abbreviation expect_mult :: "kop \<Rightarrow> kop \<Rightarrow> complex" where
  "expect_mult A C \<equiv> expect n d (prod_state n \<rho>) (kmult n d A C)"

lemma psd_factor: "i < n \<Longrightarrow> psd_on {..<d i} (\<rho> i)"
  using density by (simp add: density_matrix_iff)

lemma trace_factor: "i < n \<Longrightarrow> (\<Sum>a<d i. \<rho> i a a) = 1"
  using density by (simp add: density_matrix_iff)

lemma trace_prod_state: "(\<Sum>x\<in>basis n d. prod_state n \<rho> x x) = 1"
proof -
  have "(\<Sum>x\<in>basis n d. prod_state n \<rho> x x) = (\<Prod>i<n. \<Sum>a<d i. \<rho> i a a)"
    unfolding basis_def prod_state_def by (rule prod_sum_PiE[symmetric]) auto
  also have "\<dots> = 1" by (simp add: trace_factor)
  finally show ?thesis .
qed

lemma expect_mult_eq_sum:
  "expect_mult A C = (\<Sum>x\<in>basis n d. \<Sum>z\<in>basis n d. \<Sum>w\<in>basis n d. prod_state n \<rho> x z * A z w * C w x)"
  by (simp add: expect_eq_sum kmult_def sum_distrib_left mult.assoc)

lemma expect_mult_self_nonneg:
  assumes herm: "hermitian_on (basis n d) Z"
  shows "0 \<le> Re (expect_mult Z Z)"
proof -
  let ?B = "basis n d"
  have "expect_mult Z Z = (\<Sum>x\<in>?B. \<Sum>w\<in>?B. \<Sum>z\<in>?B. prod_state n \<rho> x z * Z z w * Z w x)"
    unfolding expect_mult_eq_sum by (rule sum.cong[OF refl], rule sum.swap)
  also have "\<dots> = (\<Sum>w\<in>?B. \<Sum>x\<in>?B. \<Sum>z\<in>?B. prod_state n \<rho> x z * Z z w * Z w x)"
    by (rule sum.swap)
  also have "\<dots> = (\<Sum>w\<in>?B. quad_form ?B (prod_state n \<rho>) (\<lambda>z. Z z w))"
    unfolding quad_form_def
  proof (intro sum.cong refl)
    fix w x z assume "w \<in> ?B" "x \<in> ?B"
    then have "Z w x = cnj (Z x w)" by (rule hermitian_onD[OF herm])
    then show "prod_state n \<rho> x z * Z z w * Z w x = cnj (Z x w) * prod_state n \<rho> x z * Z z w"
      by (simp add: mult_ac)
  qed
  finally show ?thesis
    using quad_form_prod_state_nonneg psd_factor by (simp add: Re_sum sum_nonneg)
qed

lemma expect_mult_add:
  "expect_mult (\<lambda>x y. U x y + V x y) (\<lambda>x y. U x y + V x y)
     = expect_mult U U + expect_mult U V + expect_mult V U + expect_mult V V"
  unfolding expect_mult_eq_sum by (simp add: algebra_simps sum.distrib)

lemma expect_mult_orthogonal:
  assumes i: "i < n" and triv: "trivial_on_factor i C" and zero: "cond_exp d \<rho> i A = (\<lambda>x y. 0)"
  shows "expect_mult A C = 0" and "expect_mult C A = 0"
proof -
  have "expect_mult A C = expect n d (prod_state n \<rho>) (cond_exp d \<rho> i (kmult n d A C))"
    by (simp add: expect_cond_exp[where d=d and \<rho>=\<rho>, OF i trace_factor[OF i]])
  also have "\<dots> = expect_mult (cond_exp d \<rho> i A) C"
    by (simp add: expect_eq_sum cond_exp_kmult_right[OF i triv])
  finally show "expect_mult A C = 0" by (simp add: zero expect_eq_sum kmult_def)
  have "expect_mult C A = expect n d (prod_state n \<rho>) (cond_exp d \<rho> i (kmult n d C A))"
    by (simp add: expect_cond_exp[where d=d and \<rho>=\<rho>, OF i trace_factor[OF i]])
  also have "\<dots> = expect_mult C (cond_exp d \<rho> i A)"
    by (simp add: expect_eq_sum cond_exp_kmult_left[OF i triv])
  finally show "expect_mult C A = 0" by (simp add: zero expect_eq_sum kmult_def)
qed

_ _ _

AIM OF THE TASK: The full listing above needs to be retyped exactly.

RESULT:
abbreviation expect_mult :: "kop \<Rightarrow> kop \<Rightarrow> complex" where
  "expect_mult A C \<equiv> expect n d (prod_state n \<rho>) (kmult n d A C)"

lemma psd_factor: "i < n \<Longrightarrow> psd_on {..<d i} (\<rho> i)"
  using density by (simp add: density_matrix_iff)

lemma trace_factor: "i < n \<Longrightarrow> (\<Sum>a<d i. \<rho> i a a) = 1"
  using density by (simp add: density_matrix_iff)

lemma trace_prod_state: "(\<Sum>x\<in>basis n d. prod_state n \<rho> x x) = 1"
proof -
  have "(\<Sum>x\<in>basis n d. prod_state n \<rho> x x) = (\<Prod>i<n. \<Sum>a<d i. \<rho> i a a)"
    unfolding basis_def prod_state_def by (rule prod_sum_PiE[symmetric]) auto
  also have "\<dots> = 1" by (simp add: trace_factor)
  finally show ?thesis .
qed

lemma expect_mult_eq_sum:
  "expect_mult A C = (\<Sum>x\<in>basis n d. \<Sum>z\<in>basis n d. \<Sum>w\<in>basis n d. prod_state n \<rho> x z * A z w * C w x)"
  by (simp add: expect_eq_sum kmult_def sum_distrib_left mult.assoc)

lemma expect_mult_self_nonneg:
  assumes herm: "hermitian_on (basis n d) Z"
  shows "0 \<le> Re (expect_mult Z Z)"
proof -
  let ?B = "basis n d"
  have "expect_mult Z Z = (\<Sum>x\<in>?B. \<Sum>w\<in>?B. \<Sum>z\<in>?B. prod_state n \<rho> x z * Z z w * Z w x)"
    unfolding expect_mult_eq_sum by (rule sum.cong[OF refl], rule sum.swap)
  also have "\<dots> = (\<Sum>w\<in>?B. \<Sum>x\<in>?B. \<Sum>z\<in>?B. prod_state n \<rho> x z * Z z w * Z w x)"
    by (rule sum.swap)
  also have "\<dots> = (\<Sum>w\<in>?B. quad_form ?B (prod_state n \<rho>) (\<lambda>z. Z z w))"
    unfolding quad_form_def
  proof (intro sum.cong refl)
    fix w x z assume "w \<in> ?B" "x \<in> ?B"
    then have "Z w x = cnj (Z x w)" by (rule hermitian_onD[OF herm])
    then show "prod_state n \<rho> x z * Z z w * Z w x = cnj (Z x w) * prod_state n \<rho> x z * Z z w"
      by (simp add: mult_ac)
  qed
  finally show ?thesis
    using quad_form_prod_state_nonneg psd_factor by (simp add: Re_sum sum_nonneg)
qed

lemma expect_mult_add:
  "expect_mult (\<lambda>x y. U x y + V x y) (\<lambda>x y. U x y + V x y)
     = expect_mult U U + expect_mult U V + expect_mult V U + expect_mult V V"
  unfolding expect_mult_eq_sum by (simp add: algebra_simps sum.distrib)

lemma expect_mult_orthogonal:
  assumes i: "i < n" and triv: "trivial_on_factor i C" and zero: "cond_exp d \<rho> i A = (\<lambda>x y. 0)"
  shows "expect_mult A C = 0" and "expect_mult C A = 0"
proof -
  have "expect_mult A C = expect n d (prod_state n \<rho>) (cond_exp d \<rho> i (kmult n d A C))"
    by (simp add: expect_cond_exp[where d=d and \<rho>=\<rho>, OF i trace_factor[OF i]])
  also have "\<dots> = expect_mult (cond_exp d \<rho> i A) C"
    by (simp add: expect_eq_sum cond_exp_kmult_right[OF i triv])
  finally show "expect_mult A C = 0" by (simp add: zero expect_eq_sum kmult_def)
  have "expect_mult C A = expect n d (prod_state n \<rho>) (cond_exp d \<rho> i (kmult n d C A))"
    by (simp add: expect_cond_exp[where d=d and \<rho>=\<rho>, OF i trace_factor[OF i]])
  also have "\<dots> = expect_mult C (cond_exp d \<rho> i A)"
    by (simp add: expect_eq_sum cond_exp_kmult_left[OF i triv])
  finally show "expect_mult C A = 0" by (simp add: zero expect_eq_sum kmult_def)
qed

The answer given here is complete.